- _PROBLEM TO SOLVE_
Nothing past the line containing "set \<Rightarrow> nat set set" belongs in the output. Copy exactly every line of the data below from the first up to and including it.

- _Stored items_
━━━━
(* If $g\ge1$ and $n\ge1$, the map $\mathcal{K}\mapsto\mathcal{Z}_{\mathcal{K}}$ is a bijection from the set of simplicial complexes on $[n]$ to the set of extremal assignments on $\mathbb{G}_{g,n}$ supported on rational tails. If $g=0$ and $n\ge3$, the map $\mathcal{K}\mapsto\mathcal{Z}_{\mathcal{K}}$ is a bijection from the set of at least triparted simplicial complexes on $[n]$ to the set of extremal assignments on $\mathbb{G}_{0,n}$ supported on rational tails.
   Context: A simplicial complex on $[n]$ is a downward-closed family of subsets containing all singletons; it is at least triparted if every partition of $[n]$ with all parts in $\mathcal{K}$ has at least three parts. $\mathbb{G}_{g,n}$ is the set of isomorphism classes of dual graphs of stable $n$-pointed genus $g$ curves (connected graphs with vertex genera and $n$ labelled legs, total genus $g$, all vertices stable). A weighted edge contraction $\pi:G'\to G$ contracts a set of edges; $\pi^{-1}(v)$ is the subgraph contracted to $v$. An extremal assignment on $\mathbb{G}_{g,n}$ assigns to each $G$ a vertex-induced subgraph $\mathcal{Z}(G)$ with (Z1) $\mathcal{Z}(G)\ne G$ and (Z2) for every weighted edge contraction $\pi:G'\to G$ and $v\in V(G)$: $v\in\mathcal{Z}(G)$ iff $\pi^{-1}(v)\subseteq\mathcal{Z}(G')$. A rational tail of $G$ is a connected genus $0$ vertex-induced subgraph joined to its complement by exactly one edge; $\operatorname{Marks}(T)$ is the set of leg labels on $T$. $\mathcal{Z}$ is supported on rational tails if each $\mathcal{Z}(G)$ is a disjoint union of rational tails. $\mathcal{Z}_{\mathcal{K}}$ assigns to $G$ the smallest vertex-induced subgraph of $G$ containing all rational tails $T$ with $\operatorname{Marks}(T)\in\mathcal{K}$. *)

theory Defs
  imports Main
begin

definition simplicial_complex :: "nat \<Rightarrow> nat set set \<Rightarrow> bool" where
  "simplicial_complex n K \<longleftrightarrow>
     K \<subseteq> Pow {1..n} \<and>
     (\<forall>A\<in>K. \<forall>B. B \<subseteq> A \<longrightarrow> B \<in> K) \<and>
     (\<forall>i\<in>{1..n}. {i} \<in> K)"

definition set_partition :: "nat set \<Rightarrow> nat set set \<Rightarrow> bool" where
  "set_partition X P \<longleftrightarrow>
     (\<forall>A\<in>P. A \<noteq> {}) \<and> \<Union>P = X \<and>
     (\<forall>A\<in>P. \<forall>B\<in>P. A \<noteq> B \<longrightarrow> A \<inter> B = {})"

definition at_least_triparted :: "nat \<Rightarrow> nat set set \<Rightarrow> bool" where
  "at_least_triparted n K \<longleftrightarrow>
     (\<forall>P. set_partition {1..n} P \<and> P \<subseteq> K \<longrightarrow> card P \<ge> 3)"

text \<open>A graph: vertex set, edge set, endpoints of each edge (a set of one vertex for
  a loop, of two vertices otherwise), vertex genera, and the vertex carrying leg i.\<close>

record sgraph =
  verts :: "nat set"
  edges :: "nat set"
  ends  :: "nat \<Rightarrow> nat set"
  gen   :: "nat \<Rightarrow> nat"
  leg   :: "nat \<Rightarrow> nat"

definition adj :: "sgraph \<Rightarrow> nat set \<Rightarrow> nat set \<Rightarrow> (nat \<times> nat) set" where
  "adj G W F = {(u, w). u \<in> W \<and> w \<in> W \<and> (\<exists>e\<in>F. ends G e = {u, w})}"

definition connected_sub :: "sgraph \<Rightarrow> nat set \<Rightarrow> nat set \<Rightarrow> bool" where
  "connected_sub G W F \<longleftrightarrow> (\<forall>u\<in>W. \<forall>w\<in>W. (u, w) \<in> (adj G W F)\<^sup>*)"

text \<open>Genus of a (connected) subgraph: sum of vertex genera plus first Betti number.\<close>
definition sub_genus :: "sgraph \<Rightarrow> nat set \<Rightarrow> nat set \<Rightarrow> int" where
  "sub_genus G W F = (\<Sum>v\<in>W. int (gen G v)) + int (card F) - int (card W) + 1"

definition valence :: "nat \<Rightarrow> sgraph \<Rightarrow> nat \<Rightarrow> nat" where
  "valence n G v =
     (\<Sum>e\<in>edges G. if ends G e = {v} then 2 else if v \<in> ends G e then 1 else 0)
     + card {i\<in>{1..n}. leg G i = v}"

text \<open>Dual graph of a stable n-pointed genus g curve (a concrete representative).\<close>
definition stable_graph :: "nat \<Rightarrow> nat \<Rightarrow> sgraph \<Rightarrow> bool" where
  "stable_graph g n G \<longleftrightarrow>
     finite (verts G) \<and> verts G \<noteq> {} \<and> finite (edges G) \<and>
     (\<forall>e\<in>edges G. ends G e \<subseteq> verts G \<and> (card (ends G e) = 1 \<or> card (ends G e) = 2)) \<and>
     (\<forall>i\<in>{1..n}. leg G i \<in> verts G) \<and>
     connected_sub G (verts G) (edges G) \<and>
     sub_genus G (verts G) (edges G) = int g \<and>
     (\<forall>v\<in>verts G. 2 * int (gen G v) - 2 + int (valence n G v) > 0)"

text \<open>Weighted edge contraction pi: G' -> G contracting the edge set S:
  f is the vertex map, h the bijection between the remaining edges.\<close>
definition fiber :: "sgraph \<Rightarrow> (nat \<Rightarrow> nat) \<Rightarrow> nat \<Rightarrow> nat set" where
  "fiber G' f v = {u\<in>verts G'. f u = v}"
lemma index_mult_mat_sum:
  "A \<in> carrier_mat n k \<Longrightarrow> B \<in> carrier_mat k m \<Longrightarrow> i < n \<Longrightarrow> j < m \<Longrightarrow>
   (A * B) $$ (i, j) = (\<Sum>a<k. A $$ (i, a) * B $$ (a, j))"
  by (auto simp: scalar_prod_def atLeast0LessThan intro!: sum.cong)

lemma smult_mult_smult_mat:
  "A \<in> carrier_mat n k \<Longrightarrow> B \<in> carrier_mat k m \<Longrightarrow>
   (a \<cdot>\<^sub>m A) * (b \<cdot>\<^sub>m (B :: complex mat)) = (a * b) \<cdot>\<^sub>m (A * B)"
  by (intro eq_matI) (auto simp: scalar_prod_def sum_distrib_left ac_simps)

lemma smult_mat_vec:
  "A \<in> carrier_mat n m \<Longrightarrow> v \<in> carrier_vec m \<Longrightarrow> (k \<cdot>\<^sub>m (A :: complex mat)) *\<^sub>v v = k \<cdot>\<^sub>v (A *\<^sub>v v)"
  by (intro eq_vecI) (auto simp: scalar_prod_def sum_distrib_left ac_simps)

lemma gram_minus:
  assumes "A \<in> carrier_mat n k" "B \<in> carrier_mat n k"
  shows "mat_adjoint ((A :: complex mat) - B) * (A - B)
    = mat_adjoint A * A - mat_adjoint A * B - mat_adjoint B * A + mat_adjoint B * B"
  using assms
  by (intro eq_matI) (auto simp: scalar_prod_def sum_subtractf sum.distrib algebra_simps)
lemma has_contour_integral_vertical:
  fixes f :: "complex \<Rightarrow> complex"
  assumes "a < b"
  shows "(f has_contour_integral I) (linepath (Complex x a) (Complex x b)) \<longleftrightarrow>
         ((\<lambda>t. f (Complex x t) * \<i>) has_integral I) {a..b}"
proof -
  define A B where "A = Complex x a" and "B = Complex x b"
  have BA: "B - A = \<i> * of_real (b - a)"
    unfolding A_def B_def by (simp add: complex_eq_iff)
  have lp: "linepath A B u = Complex x ((b - a) * u + a)" for u
    unfolding linepath_def A_def B_def by (simp add: complex_eq_iff scaleR_conv_of_real algebra_simps)
  have "((\<lambda>t. f (Complex x t) * \<i>) has_integral I) (cbox a b) \<longleftrightarrow>
          ((\<lambda>u. f (Complex x ((b - a) *\<^sub>R u + a)) * \<i>) has_integral I /\<^sub>R (b - a)) (cbox ((a - a) /\<^sub>R (b - a)) ((b - a) /\<^sub>R (b - a)))"
    using has_integral_affinity_iff[of "b - a" "\<lambda>t. f (Complex x t) * \<i>" a I a b] assms by simp
  also have "cbox ((a - a) /\<^sub>R (b - a)) ((b - a) /\<^sub>R (b - a)) = {0..1::real}"
    using assms by simp
  also have "(\<lambda>u. f (Complex x ((b - a) *\<^sub>R u + a)) * \<i>) =
               (\<lambda>u. inverse (b - a) *\<^sub>R (f (linepath A B u) * (B - A)))"
    using assms by (auto simp: fun_eq_iff lp BA scaleR_conv_of_real field_simps)
  also have "((\<lambda>u. inverse (b - a) *\<^sub>R (f (linepath A B u) * (B - A))) has_integral I /\<^sub>R (b - a)) {0..1} \<longleftrightarrow>
               ((\<lambda>u. f (linepath A B u) * (B - A)) has_integral I) {0..1}"
    by (rule has_integral_cmul_iff) (use assms in simp)
  also have "\<dots> \<longleftrightarrow> (f has_contour_integral I) (linepath A B)"
    by (rule has_contour_integral_linepath[symmetric])
  finally show ?thesis
    unfolding A_def B_def by simp
qed

lemma contour_integral_vertical:
  fixes f :: "complex \<Rightarrow> complex"
  assumes "a < b" "continuous_on (closed_segment (Complex x a) (Complex x b)) f"
  shows "contour_integral (linepath (Complex x a) (Complex x b)) f = \<i> * integral {a..b} (\<lambda>t. f (Complex x t))"
proof -
  have "f contour_integrable_on linepath (Complex x a) (Complex x b)"
    by (rule contour_integrable_continuous_linepath[OF assms(2)])
  then obtain I where I: "(f has_contour_integral I) (linepath (Complex x a) (Complex x b))"
    by (auto simp: contour_integrable_on_def)
  then have "((\<lambda>t. f (Complex x t) * \<i>) has_integral I) {a..b}"
    using has_contour_integral_vertical[OF assms(1)] by blast
  then have "((\<lambda>t. (f (Complex x t) * \<i>) * (- \<i>)) has_integral I * (- \<i>)) {a..b}"
    by (rule has_integral_mult_left)
  then have "((\<lambda>t. f (Complex x t)) has_integral I * (- \<i>)) {a..b}"
    by (simp add: mult.assoc)
  then have "integral {a..b} (\<lambda>t. f (Complex x t)) = I * (- \<i>)"
    by (rule integral_unique)
  then show ?thesis
    using contour_integral_unique[OF I] by (simp add: algebra_simps complex_i_mult_minus)
qed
━━━━
- _WRITTEN REPLY_
(* If $g\ge1$ and $n\ge1$, the map $\mathcal{K}\mapsto\mathcal{Z}_{\mathcal{K}}$ is a bijection from the set of simplicial complexes on $[n]$ to the set of extremal assignments on $\mathbb{G}_{g,n}$ supported on rational tails. If $g=0$ and $n\ge3$, the map $\mathcal{K}\mapsto\mathcal{Z}_{\mathcal{K}}$ is a bijection from the set of at least triparted simplicial complexes on $[n]$ to the set of extremal assignments on $\mathbb{G}_{0,n}$ supported on rational tails.
   Context: A simplicial complex on $[n]$ is a downward-closed family of subsets containing all singletons; it is at least triparted if every partition of $[n]$ with all parts in $\mathcal{K}$ has at least three parts. $\mathbb{G}_{g,n}$ is the set of isomorphism classes of dual graphs of stable $n$-pointed genus $g$ curves (connected graphs with vertex genera and $n$ labelled legs, total genus $g$, all vertices stable). A weighted edge contraction $\pi:G'\to G$ contracts a set of edges; $\pi^{-1}(v)$ is the subgraph contracted to $v$. An extremal assignment on $\mathbb{G}_{g,n}$ assigns to each $G$ a vertex-induced subgraph $\mathcal{Z}(G)$ with (Z1) $\mathcal{Z}(G)\ne G$ and (Z2) for every weighted edge contraction $\pi:G'\to G$ and $v\in V(G)$: $v\in\mathcal{Z}(G)$ iff $\pi^{-1}(v)\subseteq\mathcal{Z}(G')$. A rational tail of $G$ is a connected genus $0$ vertex-induced subgraph joined to its complement by exactly one edge; $\operatorname{Marks}(T)$ is the set of leg labels on $T$. $\mathcal{Z}$ is supported on rational tails if each $\mathcal{Z}(G)$ is a disjoint union of rational tails. $\mathcal{Z}_{\mathcal{K}}$ assigns to $G$ the smallest vertex-induced subgraph of $G$ containing all rational tails $T$ with $\operatorname{Marks}(T)\in\mathcal{K}$. *)

theory Defs
  imports Main
begin

definition simplicial_complex :: "nat \<Rightarrow> nat set set \<Rightarrow> bool" where
  "simplicial_complex n K \<longleftrightarrow>
     K \<subseteq> Pow {1..n} \<and>
     (\<forall>A\<in>K. \<forall>B. B \<subseteq> A \<longrightarrow> B \<in> K) \<and>
     (\<forall>i\<in>{1..n}. {i} \<in> K)"

definition set_partition :: "nat set \<Rightarrow> nat set set \<Rightarrow> bool" where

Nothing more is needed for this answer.